The tenure of the second African American Superintendent of the Los Angeles Unified School District (LAUSD) has officially come to an end, with a lot of controversy.
The Los Angeles Board of Education voted to buy out Supt. David L. Brewer after only two years of his four-year contract, to the sum of $500,000.
Brewer's critics, led by Board of Education President Monica Garcia, believe that Brewer has not improved the school district at a quick enough pace. But Brewer has a different point of view on that matter.
"LAUSD students had the highest academic gains of any other major school district in the state last year," Brewer said. "Elementary schools, middle schools, and high schools had record gains, and not just by a point or two, but by double digits."
A.J. Duffy, president of the powerful teachers union, does not back up Brewer on that point. Duffy said that steps were already in process to raise test scores before Brewer took office.
"To claim victory on that is not really accurate," Duffy said.
Brewer's critics believe that he was a bad choice to begin with.
"I think he was not a good selection by the previous board," Duffy said. "To bring in what was considered to be the anti-mayor candidate. Admiral Brewer has no idea about LAUSD politics and the City of Los Angeles politics, and he was dropped in this situation."

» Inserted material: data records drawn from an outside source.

theorem lemma4p5:
  fixes J :: "'a::{field,finite}^4^4" and G :: "('a^4^4) set"
  assumes "prime CARD('a)"
    and "alternating_nondeg J"
    and "maximal_Hasse_in (GSp J) G"
    and "\<not> acts_irreducibly (G \<inter> Sp J)"
  shows "multiplier J ` G = {k. k \<noteq> 0}"
proof (rule ccontr)
  assume not_onto: "multiplier J ` G \<noteq> {k. k \<noteq> 0}"
  have J: "invertible J"
    using assms(2) unfolding alternating_nondeg_def by blast
  have G: "G \<subseteq> GSp J" and irreducible: "acts_irreducibly G"
    and mult: "\<And>A B. A \<in> G \<Longrightarrow> B \<in> G \<Longrightarrow> A ** B \<in> G"
    using assms(3) unfolding maximal_Hasse_in_def Hasse_def matrix_subgroup_def by blast+
  have scalars: "\<And>c. c \<noteq> 0 \<Longrightarrow> mat c \<in> G"
    using assms(3) by (rule maximal_Hasse_in_GSp_mat)
  have "is_square (multiplier J M)" if "M \<in> G" for M
    using multiplier_image_eq_nonzero[OF J G scalars mult that] not_onto by blast
  then have "G \<subseteq> scalar_multiples (G \<inter> Sp J)"
    using subset_scalar_multiples_Sp[OF J G scalars mult] by blast
  then have "acts_irreducibly (G \<inter> Sp J)"
    using irreducible acts_irreducibly_superset acts_irreducibly_scalar_multiples by blast
  with assms(4) show False ..
qed

end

Brewer was certainly not Mayor Antonio Villaraigosa's selection. Brewer came into office as Villaraigosa was pressing to take control of the school system. Since then Villaraigosa has helped elect a new board majority that was dissatisfied with Brewer from the beginning.
Last week's fiascle by Garcia to oust Brewer has cast a shadow of racism over this situation. Sentinel columnist Larry Aubry, who is a Brewer critic, pointed out that it was not right for Garcia to attempt to discuss ousting Brewer with other board members on such short notice, especially since Marguerite Poindexter LaMotte, the board's only African American member, was out of town.
Garcia quickly backed off after hearing LaMotte's frustrations about the situation.
Leon Jenkins, Vice President and President-elect of the NAACP's Los Angeles chapter, did not claim racism, but he believes that race could be an issue.
"Test scores were raised, which he was brought in to do," Jenkins said. " He's the only supervisor to not be allowed to finish out his term. Roy Romer (Superintendent before Brewer) completed six years. The test scores were very low, but he was able to finish. Under Brewer there was a double-digit increase. You can argue about the pace of progress. But the changes were significant enough to allow him to finish."
Jenkins believes that Villaraigosa may be behind this.
"I don't think she's (Garcia) doing anything without his blessing," Jenkins said. "If she's promoting a Hispanic for the position it can show racial overtones."
Brewer is distancing himself from the race issue.
"The current debate about my leadership and the performance of the district has been contentious," Brewer said. "It has been demoralizing and debilitating, not only to our valued employees, but has spilled over into our community. As an African-American, I've experienced my share of discrimination. When I joined the Navy as an officer over 37 years ago, there were only 250 African-American officers out of 72,000. I know what it looks like, smells like, and the consequences. Although this debate is disconcerting and troubling, it must not become an ethnic issue. When adults fight, it can manifest itself in our children. This must not become an ethnic or racial battle that infests our schools, our campuses, our playgrounds. This is not about settling an old score, this must be about what is best for every LAUSD student."
It is speculated that Senior Deputy Supt. Ramon C. Cortines will accept the superintendent position on an interim basis. Cortines has managed day-to-day operations as well as long-term planning for the LAUSD since Brewer handed them over to him eight months ago. Critics questioned why the district should be paying two superintendents.
There has not been a decision on a permanent successor. More than likely the next superintendent will have a background in education.
"Brewer was the superintendent and he was a soldier, but he never was an educator," said Danny Bakewell, Community Leader and Sentinel Executive Publisher. "We need to stop hiring military men to oversee the education of our children. Hiring military leaders to run school districts seems to be a pattern [Washington D.C., New Orleans and Los Angeles all hired ex military to head their districts] and each time it has failed miserably."